Des cliniques privées majoritairement sous capitalisées
Le niveau des capitaux propres des cliniques demeure très faible et se caractérise par le fait que les capitaux sociaux de la plupart des cliniques privées n’ont pas subi de changement depuis leur création.
En effet, le capital social des cliniques privées et établissements assimilés demeure en deçà de 1 million de dirhams dans 43 % des cas et il varie entre 1 et 10 millions de dirhams dans 43 % des cas. Ce n’est que dans 13 % des cas que le capital est supérieur à 10 millions de dirhams.
Pour un secteur réputé particulièrement capitalistique, eu égard aux investissements nécessaires à l’acquisition des équipements lourds, les cliniques privées ressortent comme étant majoritairement sous-capitalisées.

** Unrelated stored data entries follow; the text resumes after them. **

(* For $k\in\omega$ let $L(k)$ be the number of (isomorphism types of) countable homogeneous colored linear orderings in $k$ colors. (1) $L(k)$ equals the number of (isomorphism types of) models of $T^{'-}_k$. (2) Let $J(0)=1$ and $J(k+1)=2(k+1)J(k)+\sum_{i=2}^{k+1}\binom{k+1}{i}J(k+1-i)$. Then $L(k)=\sum_{i=0}^{k}J(i)\binom{k}{i}$. (3) $\sum_{k\ge0}L(k)\frac{x^k}{k!}=H(x)=\frac{e^x}{2-x-e^x}$. (4) With $W$ the principal branch of the Lambert $W$ function, $Z=2-W(e^2)\approx0.442854$ and $R=\frac{-e^2}{e^{W(e^2)}+e^2}\approx-0.6089389$, one has $L(k)\sim -k!\,R\,(1/Z)^{k+1}$ as $k\to\infty$. (5) The proportion, among the countable homogeneous colored linear orderings in $k$ colors, of those using all $k$ colors tends to $\frac{1}{W(e^2)}\approx0.6422007$ as $k\to\infty$.
   Context: A colored linear ordering in $k$ colors is a linear ordering together with $k$ fixed (labeled) unary predicates partitioning it (some colors may be unused); isomorphisms preserve order and each color. It is homogeneous if every isomorphism between finite substructures extends to an automorphism. $T^{'-}_k$ is the theory in the language $(<,R_1,\dots,R_k,S_1,\dots,S_k)$ of unary predicates with axioms: $<$ is a linear order; every element satisfies some $R_i$ or some $S_i$; no element satisfies two distinct $R_i$; no element satisfies both some $R_i$ and some $S_j$; each $R_i$ and each $S_i$ holds of at most one element; for no $i$ are both $R_i$ and $S_i$ realized. *)

theory Defs
  imports Complex_Main "HOL-Computational_Algebra.Formal_Power_Series" "HOL-Library.Landau_Symbols"
begin

definition iso_types :: "('s \<Rightarrow> bool) \<Rightarrow> ('s \<Rightarrow> 's \<Rightarrow> bool) \<Rightarrow> 's set set" where
  "iso_types P rel = {{T. P T \<and> rel S T} | S. P S}"

definition strict_linear_on :: "nat set \<Rightarrow> (nat \<Rightarrow> nat \<Rightarrow> bool) \<Rightarrow> bool" where
  "strict_linear_on A lt \<longleftrightarrow>
     (\<forall>x\<in>A. \<not> lt x x) \<and>
     (\<forall>x\<in>A. \<forall>y\<in>A. \<forall>z\<in>A. lt x y \<and> lt y z \<longrightarrow> lt x z) \<and>
     (\<forall>x\<in>A. \<forall>y\<in>A. x \<noteq> y \<longrightarrow> lt x y \<or> lt y x)"

text \<open>A countable colored linear ordering in k colors: carrier A (a subset of nat, so
  countable), strict order lt, colour map c with values in {0..<k} (color i = predicate R_(i+1)).\<close>
type_synonym clo = "nat set \<times> (nat \<Rightarrow> nat \<Rightarrow> bool) \<times> (nat \<Rightarrow> nat)"

definition is_clo :: "nat \<Rightarrow> clo \<Rightarrow> bool" where
  "is_clo k S = (case S of (A, lt, c) \<Rightarrow> strict_linear_on A lt \<and> (\<forall>x\<in>A. c x < k))"

definition clo_iso_on :: "(nat \<Rightarrow> nat \<Rightarrow> bool) \<Rightarrow> (nat \<Rightarrow> nat) \<Rightarrow> nat set \<Rightarrow>
    (nat \<Rightarrow> nat \<Rightarrow> bool) \<Rightarrow> (nat \<Rightarrow> nat) \<Rightarrow> nat set \<Rightarrow> (nat \<Rightarrow> nat) \<Rightarrow> bool" where
  "clo_iso_on lt c X lt' c' Y f \<longleftrightarrow> bij_betw f X Y \<and>
     (\<forall>x\<in>X. \<forall>y\<in>X. lt x y \<longleftrightarrow> lt' (f x) (f y)) \<and> (\<forall>x\<in>X. c' (f x) = c x)"

definition clo_iso :: "clo \<Rightarrow> clo \<Rightarrow> bool" where
  "clo_iso S T = (case S of (A, lt, c) \<Rightarrow> case T of (B, lt', c') \<Rightarrow>
     (\<exists>f. clo_iso_on lt c A lt' c' B f))"

definition clo_homogeneous :: "clo \<Rightarrow> bool" where
  "clo_homogeneous S = (case S of (A, lt, c) \<Rightarrow>
     (\<forall>X Y p. finite X \<and> X \<subseteq> A \<and> Y \<subseteq> A \<and> clo_iso_on lt c X lt c Y p \<longrightarrow>
        (\<exists>g. clo_iso_on lt c A lt c A g \<and> (\<forall>x\<in>X. g x = p x))))"

definition is_hclo :: "nat \<Rightarrow> clo \<Rightarrow> bool" where
  "is_hclo k S \<longleftrightarrow> is_clo k S \<and> clo_homogeneous S"

definition L :: "nat \<Rightarrow> nat" where
  "L k = card (iso_types (is_hclo k) clo_iso)"

definition L_all :: "nat \<Rightarrow> nat" where
  "L_all k = card (iso_types (\<lambda>S. is_hclo k S \<and> snd (snd S) ` fst S = {0..<k}) clo_iso)"

text \<open>Structure (A, lt, R, S): R i x means x satisfies R_(i+1), S i x means x satisfies S_(i+1).\<close>
type_synonym tstr = "nat set \<times> (nat \<Rightarrow> nat \<Rightarrow> bool) \<times> (nat \<Rightarrow> nat \<Rightarrow> bool) \<times> (nat \<Rightarrow> nat \<Rightarrow> bool)"

definition is_model_T :: "nat \<Rightarrow> tstr \<Rightarrow> bool" where
  "is_model_T k M = (case M of (A, lt, R, S) \<Rightarrow>
     strict_linear_on A lt \<and>
     (\<forall>x\<in>A. (\<exists>i<k. R i x) \<or> (\<exists>i<k. S i x)) \<and>
     (\<forall>x\<in>A. \<forall>i<k. \<forall>j<k. R i x \<and> R j x \<longrightarrow> i = j) \<and>
     (\<forall>x\<in>A. \<forall>i<k. \<forall>j<k. \<not> (R i x \<and> S j x)) \<and>
     (\<forall>i<k. \<forall>x\<in>A. \<forall>y\<in>A. R i x \<and> R i y \<longrightarrow> x = y) \<and>
     (\<forall>i<k. \<forall>x\<in>A. \<forall>y\<in>A. S i x \<and> S i y \<longrightarrow> x = y) \<and>
     (\<forall>i<k. \<not> ((\<exists>x\<in>A. R i x) \<and> (\<exists>x\<in>A. S i x))))"

definition T_iso :: "nat \<Rightarrow> tstr \<Rightarrow> tstr \<Rightarrow> bool" where
  "T_iso k M N = (case M of (A, lt, R, S) \<Rightarrow> case N of (B, lt', R', S') \<Rightarrow>
     (\<exists>f. bij_betw f A B \<and>
        (\<forall>x\<in>A. \<forall>y\<in>A. lt x y \<longleftrightarrow> lt' (f x) (f y)) \<and>
        (\<forall>i<k. \<forall>x\<in>A. R i x \<longleftrightarrow> R' i (f x)) \<and>
        (\<forall>i<k. \<forall>x\<in>A. S i x \<longleftrightarrow> S' i (f x))))"

definition num_models_T :: "nat \<Rightarrow> nat" where
  "num_models_T k = card (iso_types (is_model_T k) (T_iso k))"

function J :: "nat \<Rightarrow> nat" where
  "J 0 = 1"
| "J (Suc k) = 2 * Suc k * J k + (\<Sum>i\<in>{2..Suc k}. (Suc k choose i) * J (Suc k - i))"
  by pat_completeness auto
termination by (relation "measure id") auto

definition lambertW :: "real \<Rightarrow> real" where
  "lambertW y = (THE w. -1 \<le> w \<and> w * exp w = y)"

end

theory Submission
  imports Defs "HOL-Complex_Analysis.Complex_Analysis"
begin

text \<open>A countable homogeneous coloured linear ordering is determined up to isomorphism by the set
  \<open>U\<close> of colours it uses and the relation \<open>Q\<close> holding between colours \<open>i\<close> and \<open>j\<close> when some point
  of colour \<open>i\<close> lies below some point of colour \<open>j\<close>.  Homogeneity makes \<open>Q\<close> transitive and
  total on \<open>U\<close>; conversely a back-and-forth argument shows that equal invariants give isomorphic
  orderings, and every such pair is realised by dense sets of dyadic rationals.  The same pairs
  classify the models of \<open>T'\<^sup>-\<^sub>k\<close>, one point per block of \<open>Q\<close>.  Removing the top block of \<open>Q\<close>
  gives the recursion for \<open>J\<close>, hence \<open>(2 - x - e\<^sup>x) \<Sum> J(n) x\<^sup>n / n! = 1\<close>; the generating function
  of \<open>L\<close> has a single simple pole \<open>\<rho> = 2 - W(e\<^sup>2)\<close> in the disc of radius \<open>3/4\<close>, and the
  asymptotics follow by singularity analysis.\<close>

section \<open>Transitive relations total on distinct elements\<close>

lemma sum_Pow_by_card:
  assumes "finite U"
  shows "(\<Sum>T\<in>Pow U. f (card T)) = (\<Sum>i=0..card U. of_nat (card U choose i) * (f i :: 'a :: comm_semiring_1))"
proof -
  have "(\<Sum>T\<in>Pow U. f (card T)) = (\<Sum>i=0..card U. \<Sum>T\<in>{T\<in>Pow U. card T = i}. f (card T))"
    by (rule sum.group[symmetric]) (use assms in \<open>auto intro: card_mono\<close>)
  also have "\<dots> = (\<Sum>i=0..card U. of_nat (card {T. T \<subseteq> U \<and> card T = i}) * f i)"
    by (rule sum.cong) auto
  finally show ?thesis
    by (simp add: n_subsets[OF assms])
qed

lemma finite_total_trans_has_greatest:
  assumes "finite V" "V \<noteq> {}"
    and total: "\<And>x y. x \<in> V \<Longrightarrow> y \<in> V \<Longrightarrow> x \<noteq> y \<Longrightarrow> r x y \<or> r y x"
    and transitive: "\<And>x y z. x \<in> V \<Longrightarrow> y \<in> V \<Longrightarrow> z \<in> V \<Longrightarrow> r x y \<Longrightarrow> r y z \<Longrightarrow> r x z"
  shows "\<exists>m\<in>V. \<forall>x\<in>V. x \<noteq> m \<longrightarrow> r x m"
  using assms(1,2) total transitive
proof (induction V rule: finite_ne_induct)
  case (singleton x)
  show ?case
    by blast
next
  case (insert a V)
  have "\<exists>m\<in>V. \<forall>x\<in>V. x \<noteq> m \<longrightarrow> r x m"
  proof (rule insert.IH)
    show "r x y \<or> r y x" if "x \<in> V" "y \<in> V" "x \<noteq> y" for x y
      using insert.prems(1)[of x y] that by blast
    show "r x z" if "x \<in> V" "y \<in> V" "z \<in> V" "r x y" "r y z" for x y z
      using insert.prems(2)[of x y z] that by blast
  qed
  then obtain m where m: "m \<in> V" "\<forall>x\<in>V. x \<noteq> m \<longrightarrow> r x m"
    by blast
  show ?case
  proof (cases "r m a")
    case True
    have "r x a" if "x \<in> V" "x \<noteq> m" for x
      using insert.prems(2)[of x m a] m that True by blast
    with True have "\<forall>x\<in>insert a V. x \<noteq> a \<longrightarrow> r x a"
      by blast
    then show ?thesis
      by blast
  next
    case False
    then have "r a m"
      using insert.prems(1)[of a m] insert.hyps m(1) by blast
    then show ?thesis
      using m by blast
  qed
qed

Des barrières à l’entrée du marché des soins privés
La dynamique de ce marché en croissance se heurte à la persistance de contraintes structurelles assimilées par les opérateurs à des barrières. Il s’agit notamment de la pénurie des ressources humaines, de la vétusté des tarifications de référence qui ne sont pas basées sur une analyse des coûts réels des prestations et de l’absence d’incitations à l’investissement. Ces contraintes structurelles favorisent les pratiques de nature à compromettre le fonctionnement concurrentiel du marché.

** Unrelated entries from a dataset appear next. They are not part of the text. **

lemma integrable_inner_of_square_integrable:
  fixes f g :: "'a::euclidean_space \<Rightarrow> 'b::euclidean_space"
  assumes S: "S \<in> sets lebesgue"
    and "f absolutely_integrable_on S" "g absolutely_integrable_on S"
    and "(\<lambda>x. (norm (f x))\<^sup>2) integrable_on S" "(\<lambda>x. (norm (g x))\<^sup>2) integrable_on S"
  shows "(\<lambda>x. f x \<bullet> g x) integrable_on S"
proof (rule measurable_bounded_by_integrable_imp_integrable[OF _ _ _ S])
  show "(\<lambda>x. f x \<bullet> g x) \<in> borel_measurable (lebesgue_on S)"
    using assms by (intro borel_measurable_inner absolutely_integrable_imp_borel_measurable)
  show "(\<lambda>x. ((norm (f x))\<^sup>2 + (norm (g x))\<^sup>2) / 2) integrable_on S"
    using assms by (intro integrable_on_divide integrable_add)
  fix x
  have "norm (f x \<bullet> g x) \<le> norm (f x) * norm (g x)"
    using Cauchy_Schwarz_ineq2 by simp
  also have "\<dots> \<le> ((norm (f x))\<^sup>2 + (norm (g x))\<^sup>2) / 2"
    using sum_squares_bound[of "norm (f x)" "norm (g x)"] by (simp add: power2_eq_square)
  finally show "norm (f x \<bullet> g x) \<le> ((norm (f x))\<^sup>2 + (norm (g x))\<^sup>2) / 2" .
qed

Une rareté structurelle des ressources humaines médicales et paramédicales et recours illégal des cliniques privées au personnel du secteur public
La rareté des ressources humaines (personnel médical et paramédical) est également considérée par les opérateurs comme une barrière structurelle du marché. La rareté de ces ressources a généré de nombreux maux : manque d’implantation de cliniques privées dans plusieurs régions du Royaume, détournement du personnel paramédical et des médecins du secteur public en dehors de l’exercice de temps partiel aménagé (TPA), etc.
Le détournement du personnel médical et paramédical du secteur public biaise non seulement le fonctionnement concurrentiel du marché des soins dispensés par les cliniques privées, mais altère aussi fortement l’efficacité de l’utilisation des infrastructures hospitalières publiques.
Une persistance de pratiques frauduleuses
Compte tenu de la spécificité des services de soins médicaux impliquant une asymétrie d’information entre le patient et le médecin traitant/la clinique, les prestations réalisées au sein des cliniques et leur mode de facturation sont très souvent matière à contestation de la part des patients et de leurs familles.
Plusieurs pratiques frauduleuses ont été relevées. Il s’agit principalement des accords de captation de la clientèle/patientèle : accords d’exclusivité et ristournes entre les cliniques et les transporteurs (ambulanciers, taxis, etc.). Il s’agit également des ristournes au profit des médecins des secteurs public et privé. Ces derniers dirigent, voire rabattent des patients au profit des cliniques qui offrent les ristournes les plus élevées sous forme de paiement au noir non déclaré au fisc et supporté par les patients.
En outre, les cliniques recourent à la pratique de chèque de garantie, interdite aussi bien par le code pénal22 (article 544) que par la loi n° 131.13 relative à l’exercice de la médecine, en cas de tiers payant (article 75).
Le motif invoqué par les cliniques privées pour recourir au procédé de chèque de garantie est de sécuriser le paiement des prestations réalisées au profit du patient.
Similairement, la pratique d’un paiement « au noir » est souvent objet de doléances de la patientèle, même si elle concerne davantage les médecins que les cliniques le médecin exigeant ce type de paiement dans la majorité des cas de manière discrétionnaire et en sus des honoraires versés par la clinique en contrepartie de sa prestation.
Il a, en outre, été relevé une tendance à la facturation abusive des soins. En effet, la multiplicité d’examens imposés aux patients, la sollicitation abusive d’avis spécialisés de médecins de la part de leurs confrères, des admissions injustifiées en réanimation, la surfacturation de nuitées et autres frais de séjour et la facturation de médicaments non consommés grèvent sévèrement les factures d’hospitalisation.
Ces pratiques ont conduit les cliniques privées à mettre en place une double comptabilité.